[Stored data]
lemma lipschitz_on_convolution:
  fixes K f :: "'a::euclidean_space \<Rightarrow> real"
  assumes [measurable]: "K \<in> borel_measurable borel"
    and K_nonneg: "\<And>x. 0 \<le> K x" and K_integral: "(\<integral>x. K x \<partial>lborel) = 1"
    and K_supp: "bounded {x. K x \<noteq> 0}" and f: "C-lipschitz_on UNIV f"
  shows "C-lipschitz_on UNIV (\<lambda>x. \<integral>z. K (x - z) * f z \<partial>lborel)"
proof (rule lipschitz_onI)
  show "0 \<le> C"
    using f by (rule lipschitz_on_nonneg)
  have K_int: "integrable lborel K"
    using K_integral not_integrable_integral_eq by fastforce
  have [measurable]: "f \<in> borel_measurable borel"
    using lipschitz_on_continuous_on[OF f] by (rule borel_measurable_continuous_onI)
  have reflect: "(\<integral>z. K (x - z) * f z \<partial>lborel) = (\<integral>w. K w * f (x - w) \<partial>lborel)" for x
    using lborel_integral_affine[of "-1" "\<lambda>z. K (x - z) * f z" x] by simp
  have int: "integrable lborel (\<lambda>w. K w * f (x - w))" for x
    using integrable_kernel_times_lipschitz[OF K_int K_supp f] .
  fix x y :: 'a
  have "(\<integral>z. K (x - z) * f z \<partial>lborel) - (\<integral>z. K (y - z) * f z \<partial>lborel)
      = (\<integral>w. K w * (f (x - w) - f (y - w)) \<partial>lborel)"
    unfolding reflect using int[of x] int[of y] by (simp add: right_diff_distrib)
  also have "norm \<dots> \<le> (\<integral>w. K w * (C * norm (x - y)) \<partial>lborel)"
  proof (rule Bochner_Integration.integral_norm_bound_integral)
    show "integrable lborel (\<lambda>w. K w * (f (x - w) - f (y - w)))"
      using int[of x] int[of y] by (simp add: right_diff_distrib)
    show "integrable lborel (\<lambda>w. K w * (C * norm (x - y)))"
      using K_int by (rule integrable_mult_left)
    show "norm (K w * (f (x - w) - f (y - w))) \<le> K w * (C * norm (x - y))" for w
      using lipschitz_on_normD[OF f, of "x - w" "y - w"] K_nonneg[of w]
      by (simp add: abs_mult mult_left_mono)
  qed
  also have "\<dots> = C * dist x y"
    using K_integral by (simp add: dist_norm)
  finally show "dist (\<integral>z. K (x - z) * f z \<partial>lborel) (\<integral>z. K (y - z) * f z \<partial>lborel) \<le> C * dist x y"
    by (simp add: dist_real_def)
qed

lemma Cc_inf_continuous: "Cc_inf \<psi> \<Longrightarrow> continuous_on UNIV \<psi>"
  unfolding Cc_inf_def by (metis Ck_fun.simps(1))

lemma Cc_inf_bounded_support: "Cc_inf \<psi> \<Longrightarrow> bounded {x. \<psi> x \<noteq> 0}"
  unfolding Cc_inf_def by (meson bounded_closure_image compact_imp_bounded bounded_subset closure_subset)

lemma integral_moll:
  fixes \<psi> :: "'a::euclidean_space \<Rightarrow> real"
  assumes "\<psi> \<in> borel_measurable borel" "0 < m"
  shows "(\<integral>x. moll \<psi> m x \<partial>lborel) = (\<integral>x. \<psi> x \<partial>lborel)"
  using lborel_integral_affine[of m \<psi> 0] assms by (simp add: moll_def)

lemma bounded_moll_support:
  assumes "bounded {x. \<psi> x \<noteq> 0}" "0 < m"
  shows "bounded {x. moll \<psi> m x \<noteq> 0}"
proof (rule bounded_subset)
  show "bounded ((\<lambda>x. (1 / m) *\<^sub>R x) ` {x. \<psi> x \<noteq> 0})"
    using assms(1) by (rule bounded_scaling)
  show "{x. moll \<psi> m x \<noteq> 0} \<subseteq> (\<lambda>x. (1 / m) *\<^sub>R x) ` {x. \<psi> x \<noteq> 0}"
  proof
    fix x assume "x \<in> {x. moll \<psi> m x \<noteq> 0}"
    then have "\<psi> (m *\<^sub>R x) \<noteq> 0" by (simp add: moll_def)
    moreover have "x = (1 / m) *\<^sub>R (m *\<^sub>R x)" using assms(2) by simp
    ultimately show "x \<in> (\<lambda>x. (1 / m) *\<^sub>R x) ` {x. \<psi> x \<noteq> 0}" by blast
  qed
qed
(* Let $P\ge4$, $S\ge2$, $\varepsilon\ge0$, and let $R$ be a positive integer. Suppose that for every prime $p\in(P/2,P]$, $S_p$ is a multiset of integers in $(-p/2,p/2)$ with $|S_p|=S$ and $|f_{S_p}|\le\varepsilon$ (computed modulo $p$). Suppose $q$ is a prime with $q>P$. Then the multiset $$T=\{r+s^{(p)}(p^{-1})_q:\ 1\le r\le R,\ p \text{ prime},\ P/2<p\le P,\ s^{(p)}\in S_p\}$$ of residues modulo $q$ satisfies $$|f_T|\le\varepsilon+\frac{2/\sqrt3}{R}+\frac{\log(q/3)}{V\log(P/2)},$$ where $V$ is the number of primes in $(P/2,P]$.
   Context: $(a^{-1})_q$ denotes the inverse of $a$ modulo $q$. For a multiset $S$ of residues modulo $N$, $f_S(k)=\sum_{s\in S}e^{2\pi iks/N}$ (with multiplicity) and $|f_S|=\frac1{|S|}\max_{1\le k\le N-1}|f_S(k)|$. *)

theory Defs
  imports "HOL-Analysis.Analysis" "HOL-Library.Multiset" "HOL-Number_Theory.Number_Theory"
begin

definition expsum :: "int \<Rightarrow> int multiset \<Rightarrow> int \<Rightarrow> complex" where
  "expsum N S k = sum_mset (image_mset (\<lambda>s. cis (2 * pi * of_int k * of_int s / of_int N)) S)"

definition normf :: "int \<Rightarrow> int multiset \<Rightarrow> real" where
  "normf N S = Max ((\<lambda>k. cmod (expsum N S k)) ` {1..N-1}) / real (size S)"

definition primes_in :: "real \<Rightarrow> int set" where
  "primes_in P = {p::int. prime p \<and> P / 2 < of_int p \<and> of_int p \<le> P}"

end

theory Submission
  imports Defs
begin

(*
  For a frequency k, the exponential sum of T factors as G(k) * H(k), where
  G(k) = sum_{r=1..R} e(kr/q) is a geometric sum and H(k) = sum_p f_{S_p}(k (p^-1)_q).
  If k/q lies in [1/3, 2/3] modulo 1, then |G(k)| <= 1/|sin(pi k/q)| <= 2/sqrt 3 and H is
  bounded trivially. Otherwise k has a representative with |k| < q/3. Writing
  p k (p^-1)_q = k + q m, the phase k s (p^-1)_q / q differs from m s / p by s k/(pq), so each
  prime p not dividing k contributes at most |f_{S_p}(m)| + 2 S sin(pi |k| / 2q), and this
  error is absorbed by |G(k)| <= 1/|sin(pi k/q)|. The primes above P/2 dividing k number
  at most log(q/3)/log(P/2).
*)

lemma cis_frequency_cong:
  fixes N a a' b :: int
  assumes "[a = a'] (mod N)"
  shows "cis (2 * pi * of_int a * of_int b / of_int N) = cis (2 * pi * of_int a' * of_int b / of_int N)"
proof (cases "N = 0")
  case True
  with assms show ?thesis by (simp add: cong_def)
next
  case False
  obtain t where "a = a' + N * t" using assms by (metis cong_iff_lin cong_sym)
  then have "2 * pi * of_int a * of_int b / of_int N
      = 2 * pi * of_int a' * of_int b / of_int N + 2 * pi * of_int (t * b)"
    using False by (simp add: field_simps)
  then show ?thesis by (simp add: cis_mult[symmetric])
qed

lemma norm_cis_minus_1: "cmod (cis a - 1) = 2 * \<bar>sin (a / 2)\<bar>"
proof -
  define b where "b = a / 2"
  have a: "a = 2 * b" by (simp add: b_def)
  have "cis a - 1 = cis b * (2 * \<i> * sin b)"
    by (simp add: a complex_eq_iff cos_double_sin sin_double power2_eq_square)
  then show ?thesis by (simp add: norm_mult b_def)
qed

lemma norm_cis_diff: "cmod (cis a - cis b) = 2 * \<bar>sin ((a - b) / 2)\<bar>"
proof -
  have "cis a - cis b = cis b * (cis (a - b) - 1)" by (simp add: cis_mult algebra_simps)
  then show ?thesis by (simp add: norm_mult norm_cis_minus_1)
qed

lemma abs_sin_le_sin:
  assumes "\<bar>z\<bar> \<le> c" "c \<le> pi / 2"
  shows "\<bar>sin z\<bar> \<le> sin c"
proof -
  have "sin \<bar>z\<bar> \<le> sin c" using assms by (intro sin_monotone_2pi_le) auto
  moreover have "\<bar>sin z\<bar> = \<bar>sin \<bar>z\<bar>\<bar>" by (cases "z \<ge> 0") simp_all
  moreover have "0 \<le> sin \<bar>z\<bar>" using assms by (intro sin_ge_zero) auto
  ultimately show ?thesis by simp
qed

lemma sqrt3_half_le_sin:
  assumes "pi / 3 \<le> x" "x \<le> 2 * pi / 3"
  shows "sqrt 3 / 2 \<le> sin x"
proof (cases "x \<le> pi / 2")
  case True
  then have "sin (pi / 3) \<le> sin x" using assms by (intro sin_monotone_2pi_le) auto
  then show ?thesis by (simp add: sin_60)
next
  case False
  then have "sin (pi / 3) \<le> sin (pi - x)" using assms by (intro sin_monotone_2pi_le) auto
  then show ?thesis by (simp add: sin_60)
qed

lemma cis_sum_geometric:
  "(cis a - 1) * (\<Sum>r\<in>{1..int n}. cis (of_int r * a)) = cis ((of_nat n + 1) * a) - cis a"
proof (induction n)
  case (Suc n)
  have "{1..int (Suc n)} = insert (int n + 1) {1..int n}" by auto
  then have "(cis a - 1) * (\<Sum>r\<in>{1..int (Suc n)}. cis (of_int r * a))
      = (cis a - 1) * cis ((of_nat n + 1) * a) + (cis a - 1) * (\<Sum>r\<in>{1..int n}. cis (of_int r * a))"
    by (simp add: distrib_left)
  also have "\<dots> = cis (a + (of_nat n + 1) * a) - cis a"
    using Suc by (simp add: algebra_simps cis_mult)
  finally show ?case by (simp add: algebra_simps)
qed simp

lemma norm_cis_sum_le:
  assumes "R \<ge> 0"
  shows "cmod (\<Sum>r\<in>{1..R}. cis (of_int r * a)) \<le> of_int R"
  using norm_sum[of "\<lambda>r. cis (of_int r * a)" "{1..R}"] assms by simp

lemma norm_cis_sum_mult_sin_le:
  assumes "R \<ge> 0"
  shows "cmod (\<Sum>r\<in>{1..R}. cis (of_int r * a)) * \<bar>sin (a / 2)\<bar> \<le> 1"
proof -
  obtain n where n: "R = int n" using assms nonneg_int_cases by blast
  have "2 * \<bar>sin (a / 2)\<bar> * cmod (\<Sum>r\<in>{1..R}. cis (of_int r * a))
      = cmod (cis ((of_nat n + 1) * a) - cis a)"
    using cis_sum_geometric[of a n] by (metis n norm_mult norm_cis_minus_1)
  also have "\<dots> \<le> 2" using norm_triangle_ineq4[of "cis ((of_nat n + 1) * a)" "cis a"] by simp
  finally show ?thesis by (simp add: mult_ac)
qed

lemma norm_cis_sum_le_middle:
  assumes "R \<ge> 0" "2 * pi / 3 \<le> a" "a \<le> 4 * pi / 3"
  shows "cmod (\<Sum>r\<in>{1..R}. cis (of_int r * a)) \<le> 2 / sqrt 3"
proof -
  have "sqrt 3 / 2 \<le> \<bar>sin (a / 2)\<bar>"
    using sqrt3_half_le_sin[of "a / 2"] assms by linarith
  then have "cmod (\<Sum>r\<in>{1..R}. cis (of_int r * a)) * (sqrt 3 / 2) \<le> 1"
    using norm_cis_sum_mult_sin_le[OF assms(1), of a] by (smt (verit) mult_left_mono norm_ge_zero)
  then show ?thesis by (simp add: field_simps)
qed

• [Task brief]: All lines above between those holding "finally show ?thesis by (simp add: mult_ac)" and "a)) * (sqrt", inclusive, must be set down unchanged, and no other line may be included.

• [Task response]:
  finally show ?thesis by (simp add: mult_ac)
qed

lemma norm_cis_sum_le_middle:
  assumes "R \<ge> 0" "2 * pi / 3 \<le> a" "a \<le> 4 * pi / 3"
  shows "cmod (\<Sum>r\<in>{1..R}. cis (of_int r * a)) \<le> 2 / sqrt 3"
proof -
  have "sqrt 3 / 2 \<le> \<bar>sin (a / 2)\<bar>"
    using sqrt3_half_le_sin[of "a / 2"] assms by linarith
  then have "cmod (\<Sum>r\<in>{1..R}. cis (of_int r * a)) * (sqrt 3 / 2) \<le> 1"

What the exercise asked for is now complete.